映像の乱歩

前項「乱歩の幻影」で「乱歩の描く世界というものを他の作家が表現しようとしても、なんと陳腐で下品でくだらないものにしかならないのだろうか。それぞれの作家がそれぞれの世界を描いているときならば、おそらく私も引き込まれるようにして読んでいることだろう。しかし一度それが乱歩世界に置き変わるとき、それは安いマガイ物でしかなくなるのである」と書いた。

そしてそれは映像作品と同様の印象であることに気がついた。いままで私はどの乱歩の映像化作品であっても、満足して見終わった経験がない。映像になったときの乱歩世界のくだらなさを正視できないのである。

それはテレビ作品よりも映画のほうがより強い。これはおそらくテレビでは猥褻的、猟奇的表現に規制がくわわるので、むしろ映画よりもマイルドな描写に終始せざるを得ないから普通のミステリ番組と同様の表現でおちついてしまうからであろう。それはそれで独立した世界の話として完結しているわけであり、荒井注演じるコミカルな中村捜査係長でも、現代に舞台を移した明智小五郎でもそれなりに見ることができるのである。
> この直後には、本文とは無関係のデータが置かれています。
lemma bubble_edge_iff_partner:
  assumes "valid_bubble b" "c \<in> {1,2,3}" "k \<in> {1..4}" "k' \<in> {1..4}"
  shows "((k, k', c) \<in> bubble_edges b \<or> (k', k, c) \<in> bubble_edges b) \<longleftrightarrow> k' = bubble_partner b c k"
proof (cases b)
  case Tetra
  then show ?thesis
    using assms(2-4) by (auto simp: bubble_edges_def bubble_partner_def pair12_def pair13_def pair14_def)
next
  case (Melo d)
  then have "d \<in> {1,2,3}"
    using assms(1) by (simp add: valid_bubble_def)
  then show ?thesis
    using Melo assms(2-4) by (auto simp: bubble_edges_def bubble_partner_def pair12_def pair13_def pair14_def)
qed

type_synonym lines = "nat \<times> nat \<Rightarrow> (nat \<times> nat) option"

lemma verts_eq_product: "verts V = {0..<V} \<times> {1..4}"
  by (auto simp: verts_def)

lemma finite_verts: "finite (verts V)"
  by (simp add: verts_eq_product)

lemma card_verts: "card (verts V) = 4 * V"
  by (simp add: verts_eq_product card_cartesian_product)

lemma fst_verts: "fst ` verts V = {0..<V}"
  by (force simp: verts_eq_product)

lemma face_adj_mono:
  "l' \<subseteq>\<^sub>m l \<Longrightarrow> face_adj V bt l' c u v \<Longrightarrow> face_adj V bt l c u v"
  unfolding face_adj_def map_le_def by (metis domI)

locale bubble_graph =
  fixes V :: nat and bt :: "nat \<Rightarrow> bubble"
  assumes valid_bubbles: "\<And>i. i < V \<Longrightarrow> valid_bubble (bt i)"
begin

definition partner :: "nat \<Rightarrow> nat \<times> nat \<Rightarrow> nat \<times> nat" where
  "partner c u = (fst u, bubble_partner (bt (fst u)) c (snd u))"

definition wf_lines :: "lines \<Rightarrow> bool" where
  "wf_lines l \<longleftrightarrow> (\<forall>v w. l v = Some w \<longrightarrow> v \<in> verts V \<and> w \<in> verts V \<and> w \<noteq> v \<and> l w = Some v)"

definition graph_adj :: "lines \<Rightarrow> nat \<times> nat \<Rightarrow> nat \<times> nat \<Rightarrow> bool" where
  "graph_adj l u v \<longleftrightarrow> (\<exists>c\<in>{1,2,3}. face_adj V bt l c u v)"

definition component :: "lines \<Rightarrow> nat \<times> nat \<Rightarrow> (nat \<times> nat) set" where
  "component l x = {y. (graph_adj l)\<^sup>*\<^sup>* x y}"

definition face :: "lines \<Rightarrow> nat \<Rightarrow> nat \<times> nat \<Rightarrow> (nat \<times> nat) set" where
  "face l c x = {y. (face_adj V bt l c)\<^sup>*\<^sup>* x y}"

definition internal_faces :: "lines \<Rightarrow> (nat \<times> nat) set \<Rightarrow> nat \<Rightarrow> nat" where
  "internal_faces l A c = card {F \<in> face l c ` A. F \<inter> ext_legs V l = {}}"

definition total_internal_faces :: "lines \<Rightarrow> (nat \<times> nat) set \<Rightarrow> nat" where
  "total_internal_faces l A = (\<Sum>c\<in>{1,2,3}. internal_faces l A c)"

definition line_ends :: "lines \<Rightarrow> (nat \<times> nat) set \<Rightarrow> nat" where
  "line_ends l A = card {x \<in> A. l x \<noteq> None}"

lemma self_in_component: "x \<in> component l x"
  by (simp add: component_def)

lemma self_in_face: "x \<in> face l c x"
  by (simp add: face_def)

lemma wf_linesD:
  "wf_lines l \<Longrightarrow> l v = Some w \<Longrightarrow> v \<in> verts V \<and> w \<in> verts V \<and> w \<noteq> v \<and> l w = Some v"
  unfolding wf_lines_def by blast

lemma partner_matching:
  assumes "u \<in> verts V"
  shows "partner c u \<in> verts V" "partner c u \<noteq> u" "partner c (partner c u) = u"
    and "fst (partner c u) = fst u"
  using assms bubble_partner_matching[of "snd u" "bt (fst u)" c]
  by (auto simp: partner_def verts_def prod_eq_iff)

lemma face_adj_iff:
  assumes "c \<in> {1,2,3}"
  shows "face_adj V bt l c u v \<longleftrightarrow> u \<in> verts V \<and> v \<in> verts V \<and> (v = partner c u \<or> l u = Some v)"
proof -
  have "(fst u = fst v \<and> ((snd u, snd v, c) \<in> bubble_edges (bt (fst u))
           \<or> (snd v, snd u, c) \<in> bubble_edges (bt (fst u)))) \<longleftrightarrow> v = partner c u"
    if uv: "u \<in> verts V" "v \<in> verts V"
  proof -
    obtain i k j k' where "u = (i, k)" "v = (j, k')" "i < V" "k \<in> {1..4}" "k' \<in> {1..4}"
      using uv unfolding verts_def by blast
    then show ?thesis
      using bubble_edge_iff_partner[OF valid_bubbles assms] by (auto simp: partner_def)
  qed
  then show ?thesis
    unfolding face_adj_def by blast
qed

lemma symp_face_adj:
  assumes "wf_lines l" "c \<in> {1,2,3}"
  shows "symp (face_adj V bt l c)"
proof (rule sympI)
  fix u v assume "face_adj V bt l c u v"
  then have "u \<in> verts V" "v \<in> verts V" "v = partner c u \<or> l u = Some v"
    using face_adj_iff[OF assms(2)] by auto
  then show "face_adj V bt l c v u"
    using face_adj_iff[OF assms(2)] partner_matching wf_linesD[OF assms(1)] by metis
qed

lemma symp_graph_adj: "wf_lines l \<Longrightarrow> symp (graph_adj l)"
  using symp_face_adj unfolding graph_adj_def symp_def by blast

lemma graph_adj_verts: "graph_adj l u v \<Longrightarrow> u \<in> verts V \<and> v \<in> verts V"
  by (auto simp: graph_adj_def face_adj_def)

lemma partner_in_component:
  assumes "u \<in> verts V" "c \<in> {1,2,3}"
  shows "partner c u \<in> component l u"
proof -
  have "graph_adj l u (partner c u)"
    using assms partner_matching(1) by (auto simp: graph_adj_def face_adj_iff)
  then show ?thesis
    by (simp add: component_def)
qed

lemma line_in_component:
  assumes "wf_lines l" "l u = Some v"
  shows "v \<in> component l u"
proof -
  have "face_adj V bt l 1 u v"
    using assms wf_linesD[OF assms] by (simp add: face_adj_iff)
  then have "graph_adj l u v"
    by (auto simp: graph_adj_def)
  then show ?thesis
    by (simp add: component_def)
qed

lemma line_in_face:
  assumes "wf_lines l" "l u = Some v" "c \<in> {1,2,3}"
  shows "v \<in> face l c u"
proof -
  have "face_adj V bt l c u v"
    using assms wf_linesD[OF assms(1,2)] by (simp add: face_adj_iff)
  then show ?thesis
    by (simp add: face_def)
qed

lemma component_subset_verts: "x \<in> verts V \<Longrightarrow> component l x \<subseteq> verts V"
  unfolding component_def using graph_adj_verts by (auto elim: rtranclp.cases)

lemma component_eq:
  assumes "wf_lines l" "y \<in> component l x"
  shows "component l y = component l x"
proof -
  have xy: "(graph_adj l)\<^sup>*\<^sup>* x y"
    using assms(2) by (simp add: component_def)
  then have "(graph_adj l)\<^sup>*\<^sup>* y x"
    by (rule sympD[OF symp_rtranclp[OF symp_graph_adj[OF assms(1)]]])
  then show ?thesis
    using xy unfolding component_def by (blast intro: rtranclp_trans)
qed

lemma face_eq:
  assumes "wf_lines l" "c \<in> {1,2,3}" "y \<in> face l c x"
  shows "face l c y = face l c x"
proof -
  have xy: "(face_adj V bt l c)\<^sup>*\<^sup>* x y"
    using assms(3) by (simp add: face_def)
  then have "(face_adj V bt l c)\<^sup>*\<^sup>* y x"
    by (rule sympD[OF symp_rtranclp[OF symp_face_adj[OF assms(1,2)]]])
  then show ?thesis
    using xy unfolding face_def by (blast intro: rtranclp_trans)
qed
しかし映画ではかなりのグロテスクな性描写が可能であり、「陰獣」にあるようなSM描写もふんだんに行うことができる。しかしそれらが乱歩の世界を如実に表し、構築しているかといえば、それは悲しいかな、全く違うのである。そのような赤裸々な描写を行えば行うほど、映画は陳腐なポルノ映画に成り下がってしまうのである。

はたしてこれはどういうことだろうか?映画の予算が足りないだけなのか、それとも演出がダメなのだろうか?それだけではないような気がする。

結局映像作品は読者のイマジネーションを越えることができないのではないだろうか。我々が乱歩の作品を読んだときに心の中に浮かぶ情景というものは、はたしてまるで映画のような映像なのだろうか。決してそうではない。それはすべての感覚が総動員された上でのめくるめく印象世界なのである。たとえば「明智小五郎」という人物に関して読者はある印象を抱いており、その読者の心の中の「明智小五郎」はじつにいきいきと活躍することができるのである。しかしその「明智小五郎」ははっきりした顔をもっているかというと、そういうわけではない。またどれだけの身長があるのかということも、はっきりしない。しかしそれだからといっておもしろさが半減するわけではなく、むしろ場面場面によって彼の「明智小五郎」は自在に適応して活躍することができるのである。恋愛シーンなら二枚目俳優でも恋人でもかれらの印象を「明智小五郎」にまぜこむことができるし、格闘シーンならまた別のすぐれたアクション・スターの要素を「明智小五郎」にインプットできるのである。

それだから我々の読書の興奮を、単なる視覚と聴覚情報でしかない映画は越えることはできないのではないだろうか。